Project

General

Profile

Bug #10116

Feature #8539: Make the test suite robust enough to be run as part of a CI setup

"Watching a WebM video" test is fragile

Added by bertagaz almost 4 years ago. Updated over 3 years ago.

Status:
Resolved
Priority:
High
Assignee:
-
Category:
Test suite
Target version:
Start date:
08/28/2015
Due date:
% Done:

100%

Feature Branch:
kytv:test/10116-make-webm-video-test-more-robust
Type of work:
Code
Blueprint:
Starter:
No
Affected tool:

Description

I've seen it failing quite often, on my test machine and on Lizard.

It fails at the And I click the blocked video icon step, and the screenshot shows that the browser prints a "Connection timeout" to the https://webm.html5.org/test.webm webpage.
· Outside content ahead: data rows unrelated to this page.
lemma lift_in_polar_free_basis:
  assumes "det2 a b = 1" "polar p2 p1 p0 a b = 0" "polar q2 q1 q0 a b = 0"
  defines "F \<equiv> \<lambda>v. (qform p2 p1 p0 v, qform q2 q1 q0 v)"
  shows "F (lincomb a b x) =
    lincomb a b (normal_quad (det2 (F a) b) (det2 a (F a)) (det2 (F b) b) (det2 a (F b)) x)"
proof -
  define s t u w where "s = det2 (F a) b" "t = det2 a (F a)" "u = det2 (F b) b" "w = det2 a (F b)"
  have F: "F a = lincomb a b (s,t)" "F b = lincomb a b (u,w)"
    using lincomb_coords[OF assms(1)] unfolding s_t_u_w_def by simp_all
  have "F (lincomb a b x) =
      (fst x^2 * fst (F a) + snd x^2 * fst (F b), fst x^2 * snd (F a) + snd x^2 * snd (F b))"
    using assms(2,3) by (simp add: F_def qform_lincomb)
  also have "\<dots> = lincomb a b (normal_quad s t u w x)"
    unfolding F lincomb_def lin2_def normal_quad_def by (simp add: algebra_simps)
  finally show ?thesis unfolding s_t_u_w_def .
qed

lemma critical_normal_form:
  assumes quad: "rational_map_deg 2 f"
    and crit: "critical_point f c\<^sub>1" "critical_point f c\<^sub>2" and distinct: "f c\<^sub>1 \<noteq> f c\<^sub>2"
  obtains a b s t u w where "quadratic_normal_form f a b s t u w"
    "c\<^sub>1 = coord_pt a b (1,0)" "c\<^sub>2 = coord_pt a b (0,1)"
proof -
  obtain p2 p1 p0 q2 q1 q0
    where lift: "homogeneous_lift f (\<lambda>v. (qform p2 p1 p0 v, qform q2 q1 q0 v))"
    using rational_map_deg_2_lift[OF quad] .
  define F where "F v = (qform p2 p1 p0 v, qform q2 q1 q0 v)" for v
  have F: "F v \<noteq> (0,0)" "f (pt v) = pt (F v)" if "v \<noteq> (0,0)" for v
    using lift that unfolding homogeneous_lift_def F_def by blast+
  obtain a b where D: "det2 a b = 1" and c: "c\<^sub>1 = pt a" "c\<^sub>2 = pt b"
    using distinct unimodular_basis by metis
  then have nz: "a \<noteq> (0,0)" "b \<noteq> (0,0)" by (auto simp: det2_def)
  have det: "det2 (F a) (F b) \<noteq> 0"
    using distinct F nz pt_eq_iff unfolding c by metis
  then have "polar p2 p1 p0 a b = 0" "polar q2 q1 q0 a b = 0"
    using polar_eq_zero_if_jacobian_eq_zero critical_point_jacobian[OF lift] crit nz
    unfolding c F_def by blast+
  note F_lincomb = lift_in_polar_free_basis[OF D this, folded F_def]
  define s t u w where "s = det2 (F a) b" "t = det2 a (F a)" "u = det2 (F b) b" "w = det2 a (F b)"
  have "det2 (F a) (F b) = (s * w - t * u) * det2 a b"
    using det2_lincomb[of a b "(s,t)" "(u,w)"] lincomb_coords[OF D]
    unfolding s_t_u_w_def by (simp add: det2_def)
  then have "s * w - t * u \<noteq> 0" using det by auto
  moreover have "f (coord_pt a b x) = coord_pt a b (normal_quad s t u w x)" if "x \<noteq> (0,0)" for x
    using F F_lincomb lincomb_nonzero D that unfolding coord_pt_def s_t_u_w_def by simp
  ultimately have "quadratic_normal_form f a b s t u w"
    using D by unfold_locales
  then show ?thesis
    using that c coord_pt_basis by metis
qed
(* Let $k$ be a positive integer. If $T$ is a semi-complete digraph with $n$ vertices that admits an ordering of cost at most $k$, then the number of $(4k)^{2/3}$-cuts of $T$ is at most $$A\cdot\exp\Bigl(2C\,(4k)^{1/3}\sqrt{1+\ln\bigl(2(4k)^{2/3}\bigr)}\Bigr)\cdot(n+1),$$ where $C=\pi\sqrt{2/3}$ and $A$ is a constant such that $p(m)\le\frac{A}{m+1}\exp(C\sqrt{m})$ for all integers $m\ge0$.
   Context: A simple digraph (no loops, no multiple arcs) $T$ is semi-complete if for every pair of distinct vertices $v,w$ at least one of $(v,w),(w,v)$ is an arc. The cost of an ordering $(v_1,\dots,v_n)$ of $V(T)$ is $\sum_{(v_i,v_j)\in E(T),\,i>j}(i-j)$. For real $d\ge 0$, a $d$-cut of a digraph $T$ is an ordered partition $(X,Y)$ of $V(T)$ (either part may be empty) such that there are at most $d$ arcs $(u,v)\in E(T)$ with $u\in Y$ and $v\in X$. $p(m)$ denotes the number of partitions of the integer $m$; such $A$ exists by the Hardy–Ramanujan estimate. *)

theory Defs
  imports "HOL-Analysis.Analysis" "HOL-Library.Multiset"
begin

definition semi_complete :: "'a set \<Rightarrow> ('a \<times> 'a) set \<Rightarrow> bool" where
  "semi_complete V E \<longleftrightarrow> finite V \<and> E \<subseteq> V \<times> V \<and> (\<forall>v. (v, v) \<notin> E) \<and>
     (\<forall>v\<in>V. \<forall>w\<in>V. v \<noteq> w \<longrightarrow> (v, w) \<in> E \<or> (w, v) \<in> E)"

text \<open>An ordering of V is a list of the vertices without repetitions; positions are
  0-based here, which does not affect the differences i - j.\<close>

definition is_ordering :: "'a set \<Rightarrow> 'a list \<Rightarrow> bool" where
  "is_ordering V vs \<longleftrightarrow> distinct vs \<and> set vs = V"

definition ordering_cost :: "('a \<times> 'a) set \<Rightarrow> 'a list \<Rightarrow> nat" where
  "ordering_cost E vs =
     (\<Sum>(i, j) \<in> {(i, j). i < length vs \<and> j < i \<and> (vs ! i, vs ! j) \<in> E}. i - j)"

definition d_cut :: "'a set \<Rightarrow> ('a \<times> 'a) set \<Rightarrow> real \<Rightarrow> 'a set \<times> 'a set \<Rightarrow> bool" where
  "d_cut V E d XY \<longleftrightarrow> (case XY of (X, Y) \<Rightarrow>
      X \<union> Y = V \<and> X \<inter> Y = {} \<and>
      real (card {(u, v) \<in> E. u \<in> Y \<and> v \<in> X}) \<le> d)"

definition num_d_cuts :: "'a set \<Rightarrow> ('a \<times> 'a) set \<Rightarrow> real \<Rightarrow> nat" where
  "num_d_cuts V E d = card {XY. d_cut V E d XY}"

definition partition_number :: "nat \<Rightarrow> nat" where
  "partition_number m = card {M :: nat multiset. (\<forall>x \<in># M. 0 < x) \<and> sum_mset M = m}"

end

theory Submission
  imports Defs
begin

text \<open>Fix an ordering of cost at most k and identify a cut (X, Y) with the set S of positions
  of X. For j in S let g(j) be the number of positions of Y before j. Each pair i < j with i in Y,
  j in X is either an arc from Y to X, of which there are at most d, or a backward arc of the
  ordering, contributing j - i to its cost; so at most d + k/L of these pairs have length at least
  L. If g(j) >= 2L, at least half of the pairs ending in j are long, while the short pairs ending
  in a j with g(j) < 2L start in one of the first 2L positions of Y. Hence
  sum g(j) <= 2d + 2k/L + 2L^2. Since the multiset of the values g(j) determines S, the cut is
  determined by |S|, by sum g(j) and by a partition of M = floor (2d + 2k/L + 2L^2), which
  leaves at most (n + 1)(M + 1) p(M) cuts. The choice L = ceiling ((4k)^(1/3)) makes
  M <= 4 (4k)^(2/3) (1 + ln (2 (4k)^(2/3))).\<close>

lemma card_less_nth_strict_sorted:
  fixes xs :: "'a::linorder list"
  assumes "sorted_wrt (<) xs" "r < length xs"
  shows "card {x \<in> set xs. x < xs ! r} = r"
proof -
  have "{x \<in> set xs. x < xs ! r} = set (take r xs)"
  proof (intro set_eqI iffI)
    fix x assume "x \<in> {x \<in> set xs. x < xs ! r}"
    then obtain s where s: "s < length xs" "xs ! s = x" "x < xs ! r"
      by (auto simp: in_set_conv_nth)
    then have "s < r"
      using assms sorted_wrt_iff_nth_less[of "(<)" xs]
      by (metis linorder_neqE_nat order.asym)
    then show "x \<in> set (take r xs)" using s by (auto simp: in_set_conv_nth)
  next
    fix x assume "x \<in> set (take r xs)"
    then obtain s where "s < r" "xs ! s = x" using assms(2) by (auto simp: in_set_conv_nth)
    then show "x \<in> {x \<in> set xs. x < xs ! r}"
      using assms by (auto simp: sorted_wrt_nth_less)
  qed
  moreover have "distinct (take r xs)" using assms(1) by (simp add: strict_sorted_iff)
  ultimately show ?thesis using assms(2) by (simp add: distinct_card)
qed

lemma nat_mset_eqI_positive_part:
  fixes M N :: "nat multiset"
  assumes "size M = size N" and "filter_mset ((<) 0) M = filter_mset ((<) 0) N"
  shows "M = N"
proof (rule multiset_eqI)
  have size_split: "size K = size (filter_mset ((<) 0) K) + count K 0" for K :: "nat multiset"
  proof -
    have "filter_mset (\<lambda>v. \<not> 0 < v) K = {#v \<in># K. v = 0#}" by (rule filter_mset_cong) auto
    then show ?thesis
      by (metis filter_eq_replicate_mset multiset_partition size_replicate_mset size_union)
  qed
  fix x
  show "count M x = count N x"
  proof (cases "x = 0")
    case True
    then show ?thesis using size_split[of M] size_split[of N] assms by simp
  next
    case False
    then show ?thesis using arg_cong[OF assms(2), of "\<lambda>K. count K x"] by simp
  qed
qed

lemma sum_mset_filter_positive: "sum_mset (filter_mset ((<) 0) M) = sum_mset (M :: nat multiset)"
  by (induction M) auto

lemma finite_partitions: "finite {M :: nat multiset. (\<forall>x \<in># M. 0 < x) \<and> sum_mset M = m}"
proof (rule finite_subset)
  show "{M :: nat multiset. (\<forall>x \<in># M. 0 < x) \<and> sum_mset M = m}
      \<subseteq> (\<Union>s\<le>m. multisets_of_size {..m} s)"
  proof clarify
    fix M :: "nat multiset" assume pos: "\<forall>x \<in># M. 0 < x"
    have "size M \<le> sum_mset M" using pos by (induction M) auto
    moreover have "set_mset M \<subseteq> {..sum_mset M}"
      by (auto dest!: multi_member_split)
    ultimately show "M \<in> (\<Union>s\<le>sum_mset M. multisets_of_size {..sum_mset M} s)"
      by (auto simp: multisets_of_size_def)
  qed
qed (simp add: finite_multisets_of_size)

definition gaps_below :: "nat set \<Rightarrow> nat \<Rightarrow> nat" where
  "gaps_below S j = card {i. i < j \<and> i \<notin> S}"

definition gap_profile :: "nat set \<Rightarrow> nat multiset" where
  "gap_profile S = image_mset (gaps_below S) (mset_set S)"

lemma gaps_below_mono: "j \<le> j' \<Longrightarrow> gaps_below S j \<le> gaps_below S j'"
  unfolding gaps_below_def by (rule card_mono) auto

lemma gaps_below_strict_mono: "i < j \<Longrightarrow> i \<notin> S \<Longrightarrow> gaps_below S i < gaps_below S j"
  unfolding gaps_below_def by (rule psubset_card_mono) auto

lemma nth_sorted_list_of_set_eq:
  assumes "finite S" "r < card S"
  shows "sorted_list_of_set S ! r = r + gaps_below S (sorted_list_of_set S ! r)"
proof -
  let ?p = "sorted_list_of_set S ! r"
  have "{..<?p} = {i \<in> S. i < ?p} \<union> {i. i < ?p \<and> i \<notin> S}" by auto
  then have "?p = card ({i \<in> S. i < ?p} \<union> {i. i < ?p \<and> i \<notin> S})"
    by (metis card_lessThan)
  also have "\<dots> = card {i \<in> S. i < ?p} + gaps_below S ?p"
    unfolding gaps_below_def by (rule card_Un_disjoint) auto
  also have "card {i \<in> S. i < ?p} = r"
    using card_less_nth_strict_sorted[of "sorted_list_of_set S" r] assms by simp
  finally show ?thesis .
qed

lemma gap_profile_inject:
  assumes "finite S" "finite T" "gap_profile S = gap_profile T"
  shows "S = T"
proof -
  have gap_list: "map (gaps_below U) (sorted_list_of_set U) = sorted_list_of_multiset (gap_profile U)"
    if "finite U" for U
  proof -
    have "sorted_wrt (\<le>) (sorted_list_of_set U)" by simp
    then have "sorted_wrt (\<lambda>x y. gaps_below U x \<le> gaps_below U y) (sorted_list_of_set U)"
      by (rule sorted_wrt_mono_rel[rotated]) (auto intro: gaps_below_mono)
    then have "sorted (map (gaps_below U) (sorted_list_of_set U))" by (simp add: sorted_map)
    moreover have "gap_profile U = mset (map (gaps_below U) (sorted_list_of_set U))"
      unfolding gap_profile_def by (metis mset_map mset_sorted_list_of_multiset sorted_list_of_mset_set)
    ultimately show ?thesis by (metis sorted_list_of_multiset_mset sorted_sort_id)
  qed
  then have lists: "map (gaps_below S) (sorted_list_of_set S) = map (gaps_below T) (sorted_list_of_set T)"
    using assms by simp
  then have card: "card S = card T" by (metis length_map length_sorted_list_of_set)
  have "sorted_list_of_set S = sorted_list_of_set T"
  proof (rule nth_equalityI)
    show "length (sorted_list_of_set S) = length (sorted_list_of_set T)" using card by simp
    fix r assume "r < length (sorted_list_of_set S)"
    then have "r < card S" "r < card T" using card by auto
    moreover have "gaps_below S (sorted_list_of_set S ! r) = gaps_below T (sorted_list_of_set T ! r)"
      using arg_cong[OF lists, of "\<lambda>xs. xs ! r"] \<open>r < card S\<close> \<open>r < card T\<close> by simp
    ultimately show "sorted_list_of_set S ! r = sorted_list_of_set T ! r"
      using nth_sorted_list_of_set_eq assms(1,2) by metis
  qed
  then show ?thesis using assms(1,2) by (metis set_sorted_list_of_set)
qed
Maybe providing such a webpage locally would help to prevent network troubles, with the same trick used for the "The Unsafe Browser can access the LAN" scenario?


Related issues

Blocks Tails - Feature #9653: Optimize retrying to connect to IRC servers in testsuite using waitAny/existsAny Resolved 06/29/2015

Associated revisions

Revision 26d902fe (diff)
Added by kytv almost 4 years ago

Force new Tor circuit and reload web site on timeout

Will-fix: #10116

Revision c21d3f40
Added by anonym over 3 years ago

Merge remote-tracking branch 'kytv/test/10116-make-webm-video-test-more-robust' into stable

Fix-committed: #10116

Conflicts:
features/step_definitions/pidgin.rb

History

#1 Updated by bertagaz almost 4 years ago

  • Parent task set to #8539

#2 Updated by intrigeri almost 4 years ago

  • Status changed from New to Confirmed
  • Priority changed from Normal to High

I see that sometimes as well. Bumping the timeout helped in some cases, but it doesn't when the remote server is not responding.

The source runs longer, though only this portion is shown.